Required work ▸
Start at the first line of the material. Repeat each line exactly through the one containing "space P. (\<forall>k.", then stop.
· · · ·
(* Fix constants $\lambda_1,\ldots,\lambda_K\ge 0$ and $\mu_1,\ldots,\mu_M\ge 0$, and for a channel realization $\boldsymbol{\alpha}$ consider the problem $$\max_{p_1,\ldots,p_K\ge 0}\ \log\Big(1+\sum_{k=1}^K h_kp_k\Big)-\sum_{k=1}^K\lambda_kp_k-\sum_{m=1}^M\mu_m\sum_{k=1}^K g_{km}p_k .$$ For almost every realization $\boldsymbol{\alpha}$ the following holds: if $(p_1^*,\ldots,p_K^* )$ is an optimal solution with $p_i^*>0$ for some user $i$ and $p_j^*=0$ for every $j\neq i$, then $$\frac{h_i}{\lambda_i+\sum_{m=1}^M\mu_m g_{im}}\ \ge\ \frac{h_j}{\lambda_j+\sum_{m=1}^M\mu_m g_{jm}}\quad\forall j\neq i,$$ and $$p_i^*=\Big(\frac{1}{\lambda_i+\sum_{m=1}^M\mu_m g_{im}}-\frac{1}{h_i}\Big)^+ .$$
   Context: $\boldsymbol{\alpha}=(h_1,\ldots,h_K,g_{11},\ldots,g_{KM})$ is a random vector of nonnegative channel power gains ($h_k$: secondary user $k$ to secondary base station; $g_{km}$: secondary user $k$ to primary receiver $m$) with a continuous, differentiable joint cumulative distribution function, the $h_k$'s and $g_{km}$'s being independent. $(x)^+=\max(0,x)$. *)

theory Defs
  imports "HOL-Probability.Probability"
begin

text \<open>A channel realization alpha = (h, g): h $ k is the gain user k -> base station,
  g $ k $ m the gain user k -> primary receiver m. Users are indexed by the finite
  type 'k (K = CARD('k)), primary receivers by the finite type 'm (M = CARD('m)).\<close>

type_synonym ('k, 'm) chan = "(real^'k) \<times> (real^'m^'k)"

definition chan_cdf :: "('k::finite, 'm::finite) chan measure \<Rightarrow> ('k, 'm) chan \<Rightarrow> real" where
  "chan_cdf P x = measure P {a \<in> space P. (\<forall>k. fst a $ k \<le> fst x $ k) \<and> (\<forall>k m. snd a $ k $ m \<le> snd x $ k $ m)}"

definition chan_comp :: "'k + ('k \<times> 'm) \<Rightarrow> ('k::finite, 'm::finite) chan \<Rightarrow> real" where
  "chan_comp i a = (case i of Inl k \<Rightarrow> fst a $ k | Inr (k, m) \<Rightarrow> snd a $ k $ m)"

definition wcost :: "('k::finite \<Rightarrow> real) \<Rightarrow> ('m::finite \<Rightarrow> real) \<Rightarrow> ('k, 'm) chan \<Rightarrow> 'k \<Rightarrow> real" where
  "wcost lam mu a k = lam k + (\<Sum>m\<in>UNIV. mu m * snd a $ k $ m)"

definition obj :: "('k::finite \<Rightarrow> real) \<Rightarrow> ('m::finite \<Rightarrow> real) \<Rightarrow> ('k, 'm) chan \<Rightarrow> ('k \<Rightarrow> real) \<Rightarrow> real" where
  "obj lam mu a p = ln (1 + (\<Sum>k\<in>UNIV. fst a $ k * p k)) - (\<Sum>k\<in>UNIV. lam k * p k)
      - (\<Sum>m\<in>UNIV. mu m * (\<Sum>k\<in>UNIV. snd a $ k $ m * p k))"

definition is_optimal :: "('k::finite \<Rightarrow> real) \<Rightarrow> ('m::finite \<Rightarrow> real) \<Rightarrow> ('k, 'm) chan \<Rightarrow> ('k \<Rightarrow> real) \<Rightarrow> bool" where
  "is_optimal lam mu a p \<longleftrightarrow> (\<forall>k. 0 \<le> p k) \<and>
     (\<forall>q. (\<forall>k. 0 \<le> q k) \<longrightarrow> obj lam mu a q \<le> obj lam mu a p)"

end

theory Submission
  imports Defs
begin

text \<open>For a fixed realization with h_i > 0, restricting the objective to the line through an
  optimal single-user allocation along coordinate i gives the interior stationarity condition
  h_i = w_i (1 + h_i p_i), i.e. p_i = 1/w_i - 1/h_i; moving along any other coordinate j gives
  the one-sided condition h_j \<le> w_j (1 + h_i p_i) = w_j h_i / w_i, which is the ratio ordering.
  Randomness only enters through h_k > 0 almost surely: a continuous CDF of a nonnegative
  vector cannot charge the hyperplane h_k = 0.\<close>

lemma obj_eq_wcost:
  "obj lam mu a p = ln (1 + (\<Sum>k\<in>UNIV. fst a $ k * p k)) - (\<Sum>k\<in>UNIV. wcost lam mu a k * p k)"
proof -
  have "(\<Sum>m\<in>UNIV. mu m * (\<Sum>k\<in>UNIV. snd a $ k $ m * p k))
      = (\<Sum>m\<in>UNIV. \<Sum>k\<in>UNIV. mu m * snd a $ k $ m * p k)"
    by (simp add: sum_distrib_left mult.assoc)
  also have "\<dots> = (\<Sum>k\<in>UNIV. \<Sum>m\<in>UNIV. mu m * snd a $ k $ m * p k)"
    by (rule sum.swap)
  also have "\<dots> = (\<Sum>k\<in>UNIV. (\<Sum>m\<in>UNIV. mu m * snd a $ k $ m) * p k)"
    by (simp add: sum_distrib_right)
  finally show ?thesis
    unfolding obj_def wcost_def by (simp add: distrib_right sum.distrib)
qed

lemma obj_eq_on_support:
  assumes "\<forall>k. k \<notin> S \<longrightarrow> p k = 0"
  shows "obj lam mu a p = ln (1 + (\<Sum>k\<in>S. fst a $ k * p k)) - (\<Sum>k\<in>S. wcost lam mu a k * p k)"
proof -
  have "(\<Sum>k\<in>UNIV. f k * p k) = (\<Sum>k\<in>S. f k * p k)" for f :: "'a \<Rightarrow> real"
    by (rule sum.mono_neutral_right) (use assms in auto)
  then show ?thesis by (simp add: obj_eq_wcost)
qed

lemma wcost_nonneg:
  assumes "\<forall>k. 0 \<le> lam k" "\<forall>m. 0 \<le> mu m" "\<forall>m. 0 \<le> snd a $ k $ m"
  shows "0 \<le> wcost lam mu a k"
  unfolding wcost_def using assms by (simp add: sum_nonneg)

lemma is_optimal_ge:
  "is_optimal lam mu a p \<Longrightarrow> \<forall>k. 0 \<le> q k \<Longrightarrow> obj lam mu a q \<le> obj lam mu a p"
  by (simp add: is_optimal_def)

lemma DERIV_nonpos_at_left_endpoint_max:
  fixes f :: "real \<Rightarrow> real"
  assumes "DERIV f x :> D" and "\<forall>t>x. f t \<le> f x"
  shows "D \<le> 0"
proof (rule ccontr)
  assume "\<not> D \<le> 0"
  then obtain d where "d > 0" "\<forall>t>0. t < d \<longrightarrow> f x < f (x + t)"
    using DERIV_pos_inc_right[OF assms(1)] by force
  then have "f x < f (x + d / 2)" by simp
  with assms(2) \<open>d > 0\<close> show False by (metis add.commute less_add_same_cancel2 half_gt_zero not_le)
qed

lemma optimal_single_user_stationary:
  assumes "0 < fst a $ i" and opt: "is_optimal lam mu a p" and "0 < p i"
    and single: "\<forall>j. j \<noteq> i \<longrightarrow> p j = 0"
  shows "fst a $ i = wcost lam mu a i * (1 + fst a $ i * p i)"
proof -
  define h w where "h = fst a $ i" and "w = wcost lam mu a i"
  define G where "G t = ln (1 + h * t) - w * t" for t
  have obj_line: "obj lam mu a (p(i := t)) = G t" for t
    using single by (subst obj_eq_on_support[where S = "{i}"]) (auto simp: G_def h_def w_def)
  have pos: "0 < 1 + h * p i" using assms(1,3) by (simp add: h_def add_pos_pos)
  have "DERIV G (p i) :> h / (1 + h * p i) - w"
    unfolding G_def using pos by (auto intro!: derivative_eq_intros)
  moreover have "\<forall>t. \<bar>p i - t\<bar> < p i \<longrightarrow> G t \<le> G (p i)"
  proof (intro allI impI)
    fix t assume "\<bar>p i - t\<bar> < p i"
    then have "\<forall>k. 0 \<le> (p(i := t)) k" using opt by (auto simp: is_optimal_def)
    then have "obj lam mu a (p(i := t)) \<le> obj lam mu a p" by (rule is_optimal_ge[OF opt])
    then show "G t \<le> G (p i)" using obj_line[of t] obj_line[of "p i"] by simp
  qed
  ultimately have "h / (1 + h * p i) - w = 0" using DERIV_local_max \<open>0 < p i\<close> by blast
  with pos show ?thesis by (simp add: h_def w_def field_simps)
qed

lemma optimal_single_user_other:
  assumes "0 \<le> fst a $ i" and opt: "is_optimal lam mu a p"
    and single: "\<forall>k. k \<noteq> i \<longrightarrow> p k = 0" and "j \<noteq> i"
  shows "fst a $ j \<le> wcost lam mu a j * (1 + fst a $ i * p i)"
proof -
  define c where "c = 1 + fst a $ i * p i"
  define H where "H t = ln (c + fst a $ j * t) - wcost lam mu a i * p i - wcost lam mu a j * t" for t
  have obj_line: "obj lam mu a (p(j := t)) = H t" for t
    using single \<open>j \<noteq> i\<close>
    by (subst obj_eq_on_support[where S = "{i, j}"]) (auto simp: H_def c_def add.assoc)
  have "0 \<le> p i" using opt by (simp add: is_optimal_def)
  then have pos: "0 < c" using assms(1) by (simp add: c_def add_pos_nonneg)
  have "DERIV H 0 :> fst a $ j / (c + fst a $ j * 0) - wcost lam mu a j"
    unfolding H_def using pos by (auto intro!: derivative_eq_intros)
  moreover have "\<forall>t>0. H t \<le> H 0"
  proof (intro allI impI)
    fix t :: real assume "t > 0"
    then have "\<forall>k. 0 \<le> (p(j := t)) k" using opt by (auto simp: is_optimal_def)
    then have "obj lam mu a (p(j := t)) \<le> obj lam mu a p" by (rule is_optimal_ge[OF opt])
    moreover have "p(j := 0) = p" using single \<open>j \<noteq> i\<close> by auto
    ultimately show "H t \<le> H 0" using obj_line[of t] obj_line[of 0] by simp
  qed
  ultimately have "fst a $ j / c - wcost lam mu a j \<le> 0"
    by (auto dest: DERIV_nonpos_at_left_endpoint_max)
  with pos show ?thesis by (simp add: c_def field_simps)
qed

lemma optimal_single_user:
  assumes "0 < fst a $ i" and wcost: "\<forall>k. 0 \<le> wcost lam mu a k"
    and opt: "is_optimal lam mu a p" and "0 < p i" and single: "\<forall>j. j \<noteq> i \<longrightarrow> p j = 0"
  shows "(\<forall>j. j \<noteq> i \<longrightarrow> fst a $ j / wcost lam mu a j \<le> fst a $ i / wcost lam mu a i) \<and>
    p i = max 0 (1 / wcost lam mu a i - 1 / fst a $ i)"
proof -
  define h w where "h = fst a $ i" and "w = wcost lam mu a i"
  have h: "0 < h" using assms(1) by (simp add: h_def)
  have stat: "h = w * (1 + h * p i)"
    using optimal_single_user_stationary[OF assms(1) opt \<open>0 < p i\<close> single] by (simp add: h_def w_def)
  have pos: "0 < 1 + h * p i" using h \<open>0 < p i\<close> by (simp add: add_pos_pos)
  then have w: "0 < w" using stat h by (metis zero_less_mult_pos2)
  have level: "1 + h * p i = h / w" using stat w by (simp add: field_simps)
  then have "p i = 1 / w - 1 / h" using h by (simp add: field_simps)
  then have power: "p i = max 0 (1 / w - 1 / h)" using \<open>0 < p i\<close> by simp
  have "fst a $ j / wcost lam mu a j \<le> h / w" if "j \<noteq> i" for j
  proof -
    define hj wj where "hj = fst a $ j" and "wj = wcost lam mu a j"
    have "hj \<le> wj * (h / w)"
      using optimal_single_user_other[OF _ opt single that] h level by (simp add: h_def hj_def wj_def)
    then have cross: "hj * w \<le> wj * h" using w by (simp add: field_simps)
    have "0 \<le> wj" using wcost by (simp add: wj_def)
    then consider "wj = 0" | "0 < wj" by linarith
    then have "hj / wj \<le> h / w"
    proof cases
      case 1 \<comment> \<open>the ratio of user j is then 0 by HOL's convention x / 0 = 0\<close>
      then show ?thesis using h w by simp
    next
      case 2 then show ?thesis using cross w by (simp add: field_simps mult.commute)
    qed
    then show ?thesis by (simp add: hj_def wj_def)
  qed
  with power show ?thesis by (simp add: h_def w_def)
qed

definition chan_orthant :: "('k::finite \<Rightarrow> real) \<Rightarrow> ('k \<Rightarrow> 'm::finite \<Rightarrow> real) \<Rightarrow> ('k, 'm) chan set" where
  "chan_orthant c d = {a. (\<forall>k. fst a $ k \<le> c k) \<and> (\<forall>k m. snd a $ k $ m \<le> d k m)}"

lemma chan_orthant_borel: "chan_orthant c d \<in> sets borel"
  unfolding chan_orthant_def
  by (intro borel_closed closed_Collect_all closed_Collect_conj closed_Collect_le continuous_intros)

lemma chan_cdf_eq_orthant:
  assumes "space P = UNIV"
  shows "chan_cdf P x = measure P (chan_orthant (\<lambda>k. fst x $ k) (\<lambda>k m. snd x $ k $ m))"
  unfolding chan_cdf_def chan_orthant_def assms by simp

lemma emeasure_orthant_gain_zero:
  fixes P :: "('k::finite, 'm::finite) chan measure"
  assumes "finite_measure P" and "sets P = sets borel"
    and nonneg: "AE a in P. 0 \<le> fst a $ k"
    and cont: "continuous_on UNIV (chan_cdf P)"
  shows "emeasure P (chan_orthant (\<lambda>j. if j = k then 0 else c j) d) = 0"
proof -
  have space: "space P = UNIV" using sets_eq_imp_space_eq[OF assms(2)] by simp
  define f where "f t = chan_cdf P ((\<chi> j. if j = k then t else c j), (\<chi> j m. d j m))" for t
  have f_eq: "f t = measure P (chan_orthant (\<lambda>j. if j = k then t else c j) d)" for t
    by (simp add: f_def chan_cdf_eq_orthant[OF space])
  have "continuous_on UNIV (\<lambda>t::real. if j = k then t else c j)" for j
    by (cases "j = k") (auto intro: continuous_intros)
  then have "continuous_on UNIV f" unfolding f_def
    by (intro continuous_on_compose2[OF cont]) (auto intro!: continuous_intros)
  then have closed: "closed {t. f t = 0}"
    using continuous_closed_preimage_constant[of UNIV f 0] by simp
  have "f t = 0" if "t < 0" for t
  proof -
    have "AE a in P. a \<notin> chan_orthant (\<lambda>j. if j = k then t else c j) d"
      using nonneg by eventually_elim (use that in \<open>auto simp: chan_orthant_def dest: spec[of _ k]\<close>)
    moreover have "chan_orthant (\<lambda>j. if j = k then t else c j) d \<in> sets P"
      using chan_orthant_borel assms(2) by simp
    ultimately have "emeasure P (chan_orthant (\<lambda>j. if j = k then t else c j) d) = 0"
      by (subst (asm) AE_iff_measurable) (auto simp: space)
    then show ?thesis by (simp add: f_eq measure_def)
  qed
  then have "closure {..<(0::real)} \<subseteq> {t. f t = 0}"
    by (intro closure_minimal[OF _ closed]) auto
  then have "f 0 = 0" by auto
  then show ?thesis by (simp add: f_eq finite_measure.emeasure_eq_measure[OF assms(1)])
qed

lemma gain_nonpos_eq_UN_orthants:
  "{a :: ('k::finite, 'm::finite) chan. fst a $ k \<le> 0}
     = (\<Union>n::nat. chan_orthant (\<lambda>j. if j = k then 0 else real n) (\<lambda>j m. real n))"
proof safe
  fix a :: "('k, 'm) chan" assume "fst a $ k \<le> 0"
  obtain n :: nat where n: "norm a \<le> real n" using real_arch_simple by blast
  have "fst a $ j \<le> real n" for j
    using component_le_norm_cart[of "fst a" j] norm_fst_le[of "fst a" "snd a"] n by auto
  moreover have "snd a $ j $ m \<le> real n" for j m
    using component_le_norm_cart[of "snd a $ j" m] norm_snd_le[of "snd a" "fst a"] n
      Finite_Cartesian_Product.norm_nth_le[where x="snd a" and i=j]
    by auto
  ultimately show "a \<in> (\<Union>n. chan_orthant (\<lambda>j. if j = k then 0 else real n) (\<lambda>j m. real n))"
    using \<open>fst a $ k \<le> 0\<close> unfolding chan_orthant_def by auto
qed (auto simp: chan_orthant_def dest: spec[of _ k])

lemma AE_gain_pos:
  fixes P :: "('k::finite, 'm::finite) chan measure"
  assumes "finite_measure P" and "sets P = sets borel"
    and nonneg: "AE a in P. 0 \<le> fst a $ k"
    and cont: "continuous_on UNIV (chan_cdf P)"
  shows "AE a in P. 0 < fst a $ k"
proof -
  have space: "space P = UNIV" using sets_eq_imp_space_eq[OF assms(2)] by simp
  have "emeasure P {a. fst a $ k \<le> 0} = 0"
    unfolding gain_nonpos_eq_UN_orthants
    by (rule emeasure_UN_eq_0)
      (use emeasure_orthant_gain_zero[OF assms] chan_orthant_borel assms(2) in auto)
  moreover have "{a :: ('k, 'm) chan. fst a $ k \<le> 0} \<in> sets P"
    unfolding assms(2) by (intro borel_closed closed_Collect_le continuous_intros)
  ultimately show ?thesis
    by (subst AE_iff_measurable[OF _ refl]) (auto simp: space not_less)
qed

theorem lemma3p2:
  fixes P :: "('k::finite, 'm::finite) chan measure"
    and lam :: "'k \<Rightarrow> real" and mu :: "'m \<Rightarrow> real"
  assumes "prob_space P"
    and "sets P = sets borel"
    and "AE a in P. (\<forall>k. 0 \<le> fst a $ k) \<and> (\<forall>k m. 0 \<le> snd a $ k $ m)"
    and "continuous_on UNIV (chan_cdf P)"
    and "chan_cdf P differentiable_on UNIV"
    and "prob_space.indep_vars P (\<lambda>_. borel) chan_comp UNIV"
    and "\<forall>k. 0 \<le> lam k"
    and "\<forall>m. 0 \<le> mu m"
  shows "AE a in P. \<forall>p i. is_optimal lam mu a p \<and> 0 < p i \<and> (\<forall>j. j \<noteq> i \<longrightarrow> p j = 0) \<longrightarrow>
           (\<forall>j. j \<noteq> i \<longrightarrow> fst a $ j / wcost lam mu a j \<le> fst a $ i / wcost lam mu a i) \<and>
           p i = max 0 (1 / wcost lam mu a i - 1 / fst a $ i)"
proof -
  have "AE a in P. \<forall>k\<in>UNIV. 0 < fst a $ k"
  proof (rule AE_finite_allI)
    show "AE a in P. 0 < fst a $ k" for k
      using assms(3) prob_space.finite_measure[OF assms(1)]
      by (intro AE_gain_pos[OF _ assms(2) _ assms(4)]) (auto elim: AE_mp)
  qed simp
  with assms(3) show ?thesis
  proof eventually_elim
    case (elim a)
    then have "\<forall>k. 0 \<le> wcost lam mu a k" using assms(7,8) by (simp add: wcost_nonneg)
    with elim show ?case using optimal_single_user by blast
  qed
qed

end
· · · ·
Task answer ▸
(* Fix constants $\lambda_1,\ldots,\lambda_K\ge 0$ and $\mu_1,\ldots,\mu_M\ge 0$, and for a channel realization $\boldsymbol{\alpha}$ consider the problem $$\max_{p_1,\ldots,p_K\ge 0}\ \log\Big(1+\sum_{k=1}^K h_kp_k\Big)-\sum_{k=1}^K\lambda_kp_k-\sum_{m=1}^M\mu_m\sum_{k=1}^K g_{km}p_k .$$ For almost every realization $\boldsymbol{\alpha}$ the following holds: if $(p_1^*,\ldots,p_K^* )$ is an optimal solution with $p_i^*>0$ for some user $i$ and $p_j^*=0$ for every $j\neq i$, then $$\frac{h_i}{\lambda_i+\sum_{m=1}^M\mu_m g_{im}}\ \ge\ \frac{h_j}{\lambda_j+\sum_{m=1}^M\mu_m g_{jm}}\quad\forall j\neq i,$$ and $$p_i^*=\Big(\frac{1}{\lambda_i+\sum_{m=1}^M\mu_m g_{im}}-\frac{1}{h_i}\Big)^+ .$$
   Context: $\boldsymbol{\alpha}=(h_1,\ldots,h_K,g_{11},\ldots,g_{KM})$ is a random vector of nonnegative channel power gains ($h_k$: secondary user $k$ to secondary base station; $g_{km}$: secondary user $k$ to primary receiver $m$) with a continuous, differentiable joint cumulative distribution function, the $h_k$'s and $g_{km}$'s being independent. $(x)^+=\max(0,x)$. *)

theory Defs
  imports "HOL-Probability.Probability"
begin

text \<open>A channel realization alpha = (h, g): h $ k is the gain user k -> base station,
  g $ k $ m the gain user k -> primary receiver m. Users are indexed by the finite
  type 'k (K = CARD('k)), primary receivers by the finite type 'm (M = CARD('m)).\<close>

type_synonym ('k, 'm) chan = "(real^'k) \<times> (real^'m^'k)"

definition chan_cdf :: "('k::finite, 'm::finite) chan measure \<Rightarrow> ('k, 'm) chan \<Rightarrow> real" where
  "chan_cdf P x = measure P {a \<in> space P. (\<forall>k. fst a $ k \<le> fst x $ k) \<and> (\<forall>k m. snd a $ k $ m \<le> snd x $ k $ m)}"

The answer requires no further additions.